Услышав это, Гниломедов рассвирепел:
- Я тут вкалываю, а начальники получают огромные зарплаты!
Гайдамака ушёл с работы после обеда, Хан ушёл в 16 часов, и Гниломедов, которому надо было оформлять протокол совещания, проводил его грустным взглядом.
Когда Хан выпытал у Лёни, что он будет Начальником бюро МСЧ, все с нетерпением стали ждать череды банкетов – от Лёни, от Дениса, от Костогрыза. А Хан не упускал случая посыпать соль на душевные раны Гниломедова, который очень хотел стать хоть каким-нибудь начальником, чтобы получать больше денег:
- Да-а... Везёт же людям… Лёня без очереди стал ведущим инженером… - говорил Хан, медленно расхаживая по комнате, засунув руки в карманы и многозначительно поглядывая на обитателей комнаты 221. – Потом без очереди стал Начальником бюро МСЧ... Всё одному... Да-а… Одним всё, а другим ничего...

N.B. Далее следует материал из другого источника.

(* Let $V$ be a finite-dimensional complex vector space with a Hermitian inner product, $\mathbf G$ a finite group of unitary transformations of $V$, $\mathbf x_0\in V$ a unit vector with full orbit under $\mathbf G$, and consider the subgroup sequence $\{I\}<\mathbf G_1<\mathbf G$ with coset leader sets $\operatorname{CL}(\mathbf G_1/\{I\})=\mathbf G_1$ and $\operatorname{CL}(\mathbf G/\mathbf G_1)$. Then the subgroup decoding algorithm decodes correctly (with some noise) if and only if every element of $\operatorname{CL}(\mathbf G/\mathbf G_1)$ is minimal.
   Context: Full orbit: $|\mathbf G\mathbf x_0|=|\mathbf G|$. $\operatorname{CL}(\mathbf G/\mathbf G_1)$ is a set of representatives of the left cosets of $\mathbf G_1$ in $\mathbf G$ containing $I$. Subgroup decoding algorithm: given $\mathbf r$, choose $d_1\in\mathbf G_1$ minimizing $\|a\mathbf r-\mathbf x_0\|$ over $a\in\mathbf G_1$, then $d_2\in\operatorname{CL}(\mathbf G/\mathbf G_1)$ minimizing $\|a d_1\mathbf r-\mathbf x_0\|$ (ties broken by a fixed ordering); output $d_2d_1$. It decodes correctly with some noise if there is $\delta>0$ such that for all $g\in\mathbf G$ and $\mathbf r$ with $\|\mathbf r-g^{-1}\mathbf x_0\|<\delta$ the output is $g$. For a subgroup $H$, $\operatorname{FR}(H)=\{\mathbf x:\|\mathbf x-\mathbf x_0\|<\|h\mathbf x-\mathbf x_0\|\ \forall h\in H\setminus\operatorname{Stab}_H(\mathbf x_0)\}$. A coset representative $c$ of $\mathbf G_1$ in $\mathbf G$ is minimal if $\mathbf x_0\in c(\operatorname{FR}(\mathbf G_1))$. *)

theory Defs
  imports "HOL-Analysis.Analysis"
begin

text \<open>V is modelled as complex^'n (standard Hermitian norm); transformations as
  complex matrices acting by *v.\<close>

type_synonym 'n cmat = "complex ^ 'n ^ 'n"

definition unitary_mat :: "'n::finite cmat \<Rightarrow> bool" where
  "unitary_mat U \<longleftrightarrow> (\<chi> i j. cnj (U $ j $ i)) ** U = mat 1"

definition matrix_group :: "'n::finite cmat set \<Rightarrow> bool" where
  "matrix_group G \<longleftrightarrow> finite G \<and> mat 1 \<in> G \<and> (\<forall>a\<in>G. \<forall>b\<in>G. a ** b \<in> G)
     \<and> (\<forall>a\<in>G. \<exists>b\<in>G. a ** b = mat 1 \<and> b ** a = mat 1)"

definition full_orbit :: "'n::finite cmat set \<Rightarrow> complex ^ 'n \<Rightarrow> bool" where
  "full_orbit G x0 \<longleftrightarrow> card ((\<lambda>g. g *v x0) ` G) = card G"

definition left_coset :: "'n::finite cmat \<Rightarrow> 'n cmat set \<Rightarrow> 'n cmat set" where
  "left_coset g H = (\<lambda>h. g ** h) ` H"

definition coset_leaders :: "'n::finite cmat set \<Rightarrow> 'n cmat set \<Rightarrow> 'n cmat set \<Rightarrow> bool" where
  "coset_leaders G H C \<longleftrightarrow> C \<subseteq> G \<and> mat 1 \<in> C \<and> (\<forall>g\<in>G. \<exists>!c. c \<in> C \<and> c \<in> left_coset g H)"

Лицо Гниломедова перекосилось от слов Хана, и он выбежал из комнаты.
«Гниломедов стал рабом стереотипа, который требует от него стать богатым как можно скорее, - решил Василий Порфирьевич. - И ещё он очень завистлив! К тому же он ещё и жадный…»

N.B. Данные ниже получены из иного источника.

(* Assume $\sigma_1(x)=\tfrac12\sigma_1''(0)(x-a_1)(x-b_1)$ and $\sigma_2(x)=\tfrac12\sigma_2''(0)(x-a_2)(x-b_2)$ with $\sigma_1''(0)\ne0$, $\sigma_2''(0)\ne0$ and real zeros satisfying $a_2<0<a_1<b_2<b_1$, and assume $q^2\Lambda_q<0$, where $\Lambda_q=q^{-2}\Big[1+\frac{(1-q^{-1})\tau'(0)}{\frac12\sigma_1''(0)}\Big]$. Put $a=b_2$ and $b=q^{-1}b_1$, and suppose $q^{-N-1}a=b$ for some $N\in\mathbb{N}_0$. Let $$\rho(x)=|x|^{\iota}\frac{(qa/x,\,x/b;q)_\infty}{(a_1/x,\,x/a_2;q)_\infty},\qquad q^{\iota}=\frac{q^{-3}\sigma_2''(0)a_2}{\sigma_1''(0)b}.$$ Then there exist polynomials $P_0,\dots,P_N$, with $P_n$ of degree $n$ a solution of the q-EHT with $\lambda=\lambda_n$, and nonzero constants $d_n^2$, such that for $m,n\in\{0,\dots,N\}$ $$\int_a^{b}P_n(x)P_m(x)\rho(x)\,d_{q^{-1}}x=d_n^2\delta_{mn},$$ i.e. the $P_n$ are orthogonal with respect to $\rho$ supported on $\{q^{-k}a\}_{k=0}^N$.
   Context: Throughout $0<q<1$. For a function $y$ and $\zeta\in\{q,q^{-1}\}$, $D_\zeta y(x)=\frac{y(x)-y(\zeta x)}{(1-\zeta)x}$ for $x\ne0$ and $D_\zeta y(0)=y'(0)$; $[n]_q=\frac{1-q^n}{1-q}$. Let $\sigma_1$ be a real polynomial of degree at most two, $\tau(x)=\tau'(0)x+\tau(0)$ a real polynomial with $\tau'(0)\ne0$, and $\sigma_2(x):=q[\sigma_1(x)+(1-q^{-1})x\tau(x)]$. The q-EHT with parameter $n$ is $\sigma_1(x)D_{q^{-1}}D_qy(x)+\tau(x)D_qy(x)+\lambda_ny(x)=0$, $\lambda_n=-[n]_q\big(\tau'(0)+\tfrac12[n-1]_{q^{-1}}\sigma_1''(0)\big)$. $(\alpha;q)_\infty=\prod_{k\ge0}(1-\alpha q^k)$, $(\alpha_1,\dots,\alpha_r;q)_\infty=\prod_i(\alpha_i;q)_\infty$. For $q^{\iota}=c$ ($c\ne0$), $\iota$ is any complex number with $e^{\iota\ln q}=c$ and $|x|^{\iota}:=e^{\iota\ln|x|}$. For $a>0$ and $b=q^{-N-1}a$, $\int_a^{b}f(x)\,d_{q^{-1}}x=(q^{-1}-1)a\sum_{k=0}^{N}q^{-k}f(q^{-k}a)$. *)

theory Defs
  imports "HOL-Analysis.Analysis" "HOL-Computational_Algebra.Polynomial"
begin

definition qD :: "real \<Rightarrow> (real \<Rightarrow> real) \<Rightarrow> real \<Rightarrow> real" where
  "qD \<zeta> y x = (if x = 0 then deriv y 0 else (y x - y (\<zeta> * x)) / ((1 - \<zeta>) * x))"

definition qnum :: "real \<Rightarrow> int \<Rightarrow> real" where
  "qnum q n = (1 - q powi n) / (1 - q)"

definition sigma2 :: "real \<Rightarrow> (real \<Rightarrow> real) \<Rightarrow> (real \<Rightarrow> real) \<Rightarrow> real \<Rightarrow> real" where
  "sigma2 q \<sigma>1 \<tau> x = q * (\<sigma>1 x + (1 - 1/q) * x * \<tau> x)"

definition lam :: "real \<Rightarrow> real \<Rightarrow> real \<Rightarrow> nat \<Rightarrow> real" where
  "lam q dtau0 ddsig0 n = - qnum q (int n) * (dtau0 + 1/2 * qnum (1/q) (int n - 1) * ddsig0)"

definition qEHT :: "real \<Rightarrow> (real \<Rightarrow> real) \<Rightarrow> (real \<Rightarrow> real) \<Rightarrow> real \<Rightarrow> (real \<Rightarrow> real) \<Rightarrow> bool" where
  "qEHT q \<sigma>1 \<tau> lm y \<longleftrightarrow>
     (\<forall>x. \<sigma>1 x * qD (1/q) (qD q y) x + \<tau> x * qD q y x + lm * y x = 0)"

definition qpoch_inf :: "real \<Rightarrow> real \<Rightarrow> real" where
  "qpoch_inf \<alpha> q = (\<Prod>k. 1 - \<alpha> * q ^ k)"

definition rho :: "real \<Rightarrow> complex \<Rightarrow> real \<Rightarrow> real \<Rightarrow> real \<Rightarrow> real \<Rightarrow> real \<Rightarrow> complex" where
  "rho q \<iota> a b a1 a2 x =
     exp (\<iota> * of_real (ln \<bar>x\<bar>)) *
     of_real (qpoch_inf (q * a / x) q * qpoch_inf (x / b) q /
              (qpoch_inf (a1 / x) q * qpoch_inf (x / a2) q))"

text \<open>Jackson integral from a to b = q^(-N-1) a:
  (q^-1 - 1) a sum_{k=0}^N q^-k f(q^-k a).\<close>
definition jackson_int :: "real \<Rightarrow> real \<Rightarrow> nat \<Rightarrow> (real \<Rightarrow> complex) \<Rightarrow> complex" where
  "jackson_int q a N f =
     of_real ((1/q - 1) * a) * (\<Sum>k\<le>N. of_real ((1/q) ^ k) * f ((1/q) ^ k * a))"

end

theory Submission
  imports Defs
begin

text \<open>
  The operator \<open>L y = \<sigma>\<^sub>1 D\<^sub>q\<^sub>\<inverse> D\<^sub>q y + \<tau> D\<^sub>q y\<close> maps polynomials of degree \<open>\<le> n\<close> into
  themselves and is triangular on monomials with diagonal \<open>-\<lambda>\<^sub>n\<close>. The condition
  \<open>\<Lambda>\<^sub>q < 0\<close> forces \<open>\<tau>'(0) / \<sigma>\<^sub>1''(0) > 0\<close>, which makes \<open>\<lambda>\<^sub>n\<close> strictly monotone in \<open>n\<close>,
  so every \<open>\<lambda>\<^sub>n\<close> has a monic eigenpolynomial \<open>P\<^sub>n\<close> of degree \<open>n\<close>.

  At the lattice points \<open>x\<^sub>k = q\<^sup>-\<^sup>k a\<close> the q-EHT is a three-term recurrence. Since
  \<open>q\<^sup>\<iota> = c\<close> is real, \<open>\<rho>(x\<^sub>k) = a\<^sup>\<iota> c\<^sup>-\<^sup>k w(x\<^sub>k)\<close> with a real weight \<open>w\<close>, and the shift
  identity \<open>(\<alpha>;q)\<^sub>\<infinity> = (1 - \<alpha>) (\<alpha>q;q)\<^sub>\<infinity>\<close> turns \<open>w(x)/w(x/q)\<close> into a rational function; this
  gives the discrete Pearson equation \<open>W\<^sub>k \<sigma>\<^sub>1(x\<^sub>k) = W\<^sub>k\<^sub>+\<^sub>1 \<sigma>\<^sub>2(x\<^sub>k\<^sub>+\<^sub>1)\<close> for
  \<open>W\<^sub>k = q\<^sup>-\<^sup>k c\<^sup>-\<^sup>k w(x\<^sub>k)\<close>. Together with \<open>\<sigma>\<^sub>2(a) = \<sigma>\<^sub>1(q\<^sup>-\<^sup>N a) = 0\<close>, which kills the
  boundary terms, summation by parts shows that the recurrence is symmetric with respect to
  \<open>W\<close>, so eigenfunctions with different eigenvalues are orthogonal. The weights are positive
  on the lattice, and \<open>P\<^sub>n\<close> with \<open>n \<le> N\<close> cannot vanish at all \<open>N + 1\<close> nodes, so the norms
  are positive. The Jackson integral is the \<open>W\<close>-weighted sum times \<open>(q\<^sup>-\<^sup>1 - 1) a a\<^sup>\<iota> \<noteq> 0\<close>.
\<close>

subsection \<open>The q-Pochhammer symbol\<close>

lemma convergent_prod_qpoch:
  fixes q \<alpha> :: real
  assumes "\<bar>q\<bar> < 1"
  shows "convergent_prod (\<lambda>k. 1 - \<alpha> * q ^ k)"
proof -
  have "summable (\<lambda>k. norm ((1 - \<alpha> * q ^ k) - 1))"
    using assms by (simp add: abs_mult power_abs summable_geometric)
  then show ?thesis
    by (intro abs_convergent_prod_imp_convergent_prod summable_imp_abs_convergent_prod)
qed

lemma qpoch_inf_shift:
  fixes q \<alpha> :: real
  assumes "\<bar>q\<bar> < 1"
  shows "qpoch_inf \<alpha> q = (1 - \<alpha>) * qpoch_inf (\<alpha> * q) q"
proof -
  have tail: "(\<lambda>k. 1 - \<alpha> * q ^ Suc k) = (\<lambda>k. 1 - (\<alpha> * q) * q ^ k)"
    by (simp add: algebra_simps)
  have "(\<lambda>k. 1 - (\<alpha> * q) * q ^ k) has_prod qpoch_inf (\<alpha> * q) q"
    unfolding qpoch_inf_def by (rule convergent_prod_has_prod[OF convergent_prod_qpoch[OF assms]])
  then have "(\<lambda>k. 1 - \<alpha> * q ^ k) has_prod (qpoch_inf (\<alpha> * q) q * (1 - \<alpha>))"
    using has_prod_Suc_imp[of "\<lambda>k. 1 - \<alpha> * q ^ k"] unfolding tail by simp
  then show ?thesis
    unfolding qpoch_inf_def by (metis has_prod_unique mult.commute)
qed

Но когда пришло время отмечать день рождения Гниломедова, то он накрыл довольно богатый стол и даже выставил коньяк «Hennessy». Василий Порфирьевич был искренне удивлён.
Вечером Василий Порфирьевич смотрел в телевизионных новостях интервью с бывшим Генеральным директором Адмиралтейских верфей Александровым, которому исполнилось 70 лет, и этот профессионал сказал, что молодым специалистам надо на 3-5 лет забыть о деньгах и карьере и упорно изучать избранную профессию, направив на это всю свою молодую энергию. Всё остальное они получат потом. «Я именно так и действую, словно я молодой специалист, - невольно подумал Василий Порфирьевич, - а настоящие молодые специалисты вроде Гниломедова ставят свои усилия в зависимость от размеров зарплаты, как будто они уже являются великими профессионалами, которые могут диктовать работодателям свои условия. Они уверены в том, что, стоило им, таким умным и талантливым, только лишь появиться на производстве, как сам Господь Бог расчистит для них непрерывный путь к большим деньгам и высоким должностям. Эту иллюзию создал в их неокрепших умах Гайдамака, он искалечил их судьбу, и теперь они уже никогда не поймут, что в реальной жизни всё устроено совершенно по-другому».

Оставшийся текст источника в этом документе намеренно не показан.